For keen students, here is an in-depth visual explanation on how this test is performed.

The test statistic for this test is the ratio of mean square residual errors for the regressions on the two subsets of data. Sample observations are divided into two groups, and evidence of heteroskedasticity is based on hypothesis testing on residual terms as shown below .

Here is a brief description of involved steps:

  • Order the data in ascending order.
  • Divide your data into three parts and drop values in the middle part.
  • Run separate regression analysis on two parts. After each regression, find the Residual Sum of Squares.
  • Calculate the ratio of the Residual sum of squares of two parts.
  • Apply the F-test.

(F-test will be covered later in the syllabus. Here is a quick introduction)

Large F values typically indicate that the variances are different.If the error term is homoscedastic, there should be no systematic difference between residuals. However, if the standard deviation of the distribution of the error term is proportional to the X variable, one part will generate a higher sum of square values than the other .

Here is how you would run this test in statsmodels.

# Run Goldfeld Quandt test
name = ['F statistic', 'p-value']
test = sms.het_goldfeldquandt(model.resid, model.model.exog)
list(zip(name, test))
[('F statistic', 1.207121297471317), ('p-value', 0.17652851936962863)]
# Run Goldfeld Quandt test
import statsmodels.stats.api as sms
name = ['F statistic', 'p-value']
test = sms.het_goldfeldquandt(model2.resid, model2.model.exog)
list(zip(name, test))
[('F statistic', 1.1409213847001904), ('p-value', 0.2576335266276604)]

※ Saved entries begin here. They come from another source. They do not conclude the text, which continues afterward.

(* Let $G$ be a locally compact, Hausdorff, étale groupoid and $\alpha$ an automorphism of $G$. The following are equivalent: (1) $G^\infty_\alpha$ is principal; (2) $G$ is principal and, whenever $x \in G^{(0)}$ and $l\in\mathbb{Z}$ satisfy $[x] = [\alpha^l(x)]$, we have $l = 0$.
   Context: Let $E$ be the directed graph with one vertex $v$ and countably infinitely many edges $e_1,e_2,\dots$. Let $E^*$ be its finite paths (including $v$), $E^\infty$ its infinite paths, $P = E^*\sqcup E^\infty$, $|\mu|$ the length. $H_\infty$ is the groupoid $\{(\alpha x, |\alpha|-|\beta|, \beta x) : x\in P, \alpha,\beta\in E^*\}\subseteq P\times\mathbb{Z}\times P$ with $(x,m,y)(y,n,z)=(x,m+n,z)$, $(x,m,y)^{-1}=(y,-m,x)$, unit space identified with $P$, topology generated by the sets $Z((\alpha,\beta)\setminus F)=\{(\alpha x,|\alpha|-|\beta|,\beta x): x\in P, x\text{ does not begin with an edge in }F\}$ ($F$ finite); $c(x,m,y)=m$. An automorphism is a structure-preserving homeomorphism. $G^\infty_\alpha$ is $H_\infty\times G$ with product topology, unit space $H_\infty^{(0)}\times G^{(0)}$, $r(h,g)=(r(h),r(g))$, $s(h,g)=(s(h),\alpha^{c(h)}(s(g)))$, product $(h_1,g_1)(h_2,g_2)=(h_1h_2,g_1\alpha^{-c(h_1)}(g_2))$, inverse $(h,g)^{-1}=(h^{-1},\alpha^{c(h)}(g^{-1}))$. A groupoid is principal if $g\mapsto(r(g),s(g))$ is injective. For $u\in G^{(0)}$, $[u] = \{r(g) : s(g) = u\}$. *)

theory Defs
  imports "HOL-Analysis.Analysis"
begin

text \<open>A groupoid is given by its set of arrows G, range r, source s,
  a multiplication (meaningful on composable pairs, i.e. s g = r h) and an
  inverse. Units are the arrows u with r u = u.\<close>

definition composable :: "'a set \<Rightarrow> ('a \<Rightarrow> 'a) \<Rightarrow> ('a \<Rightarrow> 'a) \<Rightarrow> ('a \<times> 'a) set" where
  "composable G r s = {(g, h). g \<in> G \<and> h \<in> G \<and> s g = r h}"

definition groupoid ::
  "'a set \<Rightarrow> ('a \<Rightarrow> 'a) \<Rightarrow> ('a \<Rightarrow> 'a) \<Rightarrow> ('a \<Rightarrow> 'a \<Rightarrow> 'a) \<Rightarrow> ('a \<Rightarrow> 'a) \<Rightarrow> bool" where
  "groupoid G r s mul iv \<longleftrightarrow>
     (\<forall>g\<in>G. r g \<in> G \<and> s g \<in> G \<and> iv g \<in> G) \<and>
     (\<forall>g\<in>G. r (r g) = r g \<and> s (r g) = r g \<and> r (s g) = s g \<and> s (s g) = s g) \<and>
     (\<forall>g\<in>G. \<forall>h\<in>G. s g = r h \<longrightarrow>
         mul g h \<in> G \<and> r (mul g h) = r g \<and> s (mul g h) = s h) \<and>
     (\<forall>g\<in>G. \<forall>h\<in>G. \<forall>k\<in>G. s g = r h \<and> s h = r k \<longrightarrow>
         mul (mul g h) k = mul g (mul h k)) \<and>
     (\<forall>g\<in>G. mul (r g) g = g \<and> mul g (s g) = g) \<and>
     (\<forall>g\<in>G. r (iv g) = s g \<and> s (iv g) = r g \<and>
         mul g (iv g) = r g \<and> mul (iv g) g = s g)"

definition unit_space :: "'a set \<Rightarrow> ('a \<Rightarrow> 'a) \<Rightarrow> 'a set" where
  "unit_space G r = {u \<in> G. r u = u}"

definition topological_groupoid ::
  "'a set \<Rightarrow> 'a topology \<Rightarrow> ('a \<Rightarrow> 'a) \<Rightarrow> ('a \<Rightarrow> 'a) \<Rightarrow> ('a \<Rightarrow> 'a \<Rightarrow> 'a) \<Rightarrow> ('a \<Rightarrow> 'a) \<Rightarrow> bool" where
  "topological_groupoid G T r s mul iv \<longleftrightarrow>
     groupoid G r s mul iv \<and> topspace T = G \<and>
     continuous_map (subtopology (prod_topology T T) (composable G r s)) T (\<lambda>(g, h). mul g h) \<and>
     continuous_map T T iv"

definition etale_groupoid ::
  "'a set \<Rightarrow> 'a topology \<Rightarrow> ('a \<Rightarrow> 'a) \<Rightarrow> ('a \<Rightarrow> 'a) \<Rightarrow> ('a \<Rightarrow> 'a \<Rightarrow> 'a) \<Rightarrow> ('a \<Rightarrow> 'a) \<Rightarrow> bool" where
  "etale_groupoid G T r s mul iv \<longleftrightarrow>
     topological_groupoid G T r s mul iv \<and>
     (\<forall>g\<in>G. \<exists>U. openin T U \<and> g \<in> U \<and>
        openin (subtopology T (unit_space G r)) (r ` U) \<and>
        homeomorphic_map (subtopology T U) (subtopology T (r ` U)) r)"

definition groupoid_automorphism ::
  "'a set \<Rightarrow> 'a topology \<Rightarrow> ('a \<Rightarrow> 'a) \<Rightarrow> ('a \<Rightarrow> 'a) \<Rightarrow> ('a \<Rightarrow> 'a \<Rightarrow> 'a) \<Rightarrow> ('a \<Rightarrow> 'a) \<Rightarrow> ('a \<Rightarrow> 'a) \<Rightarrow> bool" where
  "groupoid_automorphism G T r s mul iv \<alpha> \<longleftrightarrow>
     bij_betw \<alpha> G G \<and> homeomorphic_map T T \<alpha> \<and>
     (\<forall>g\<in>G. \<alpha> (r g) = r (\<alpha> g) \<and> \<alpha> (s g) = s (\<alpha> g) \<and> \<alpha> (iv g) = iv (\<alpha> g)) \<and>
     (\<forall>g\<in>G. \<forall>h\<in>G. s g = r h \<longrightarrow> \<alpha> (mul g h) = mul (\<alpha> g) (\<alpha> h))"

The null hypothesis for the GQ test is homoskedasticity. The larger the F-statistic, the more evidence we will have against the homoskedasticity assumption and the more likely we have heteroskedasticity (different variance for the two groups). The given P-value above tells us how far we are from the alpha level of 0.05. So the heteroscedasticity which we observed visually can also be confirmed using this test. In such cases, it is also possible to use a different alpha values to suit the needs of experimenter.

Summary

In this lesson we looked at a few methods o check for regression assumptions in addition to the visual methods we saw earlier. An understanding and hands-on experience with visual as well as statistical techniques to check your regression analysis will provide you with a good set of tools to run more detailed regression experiments later.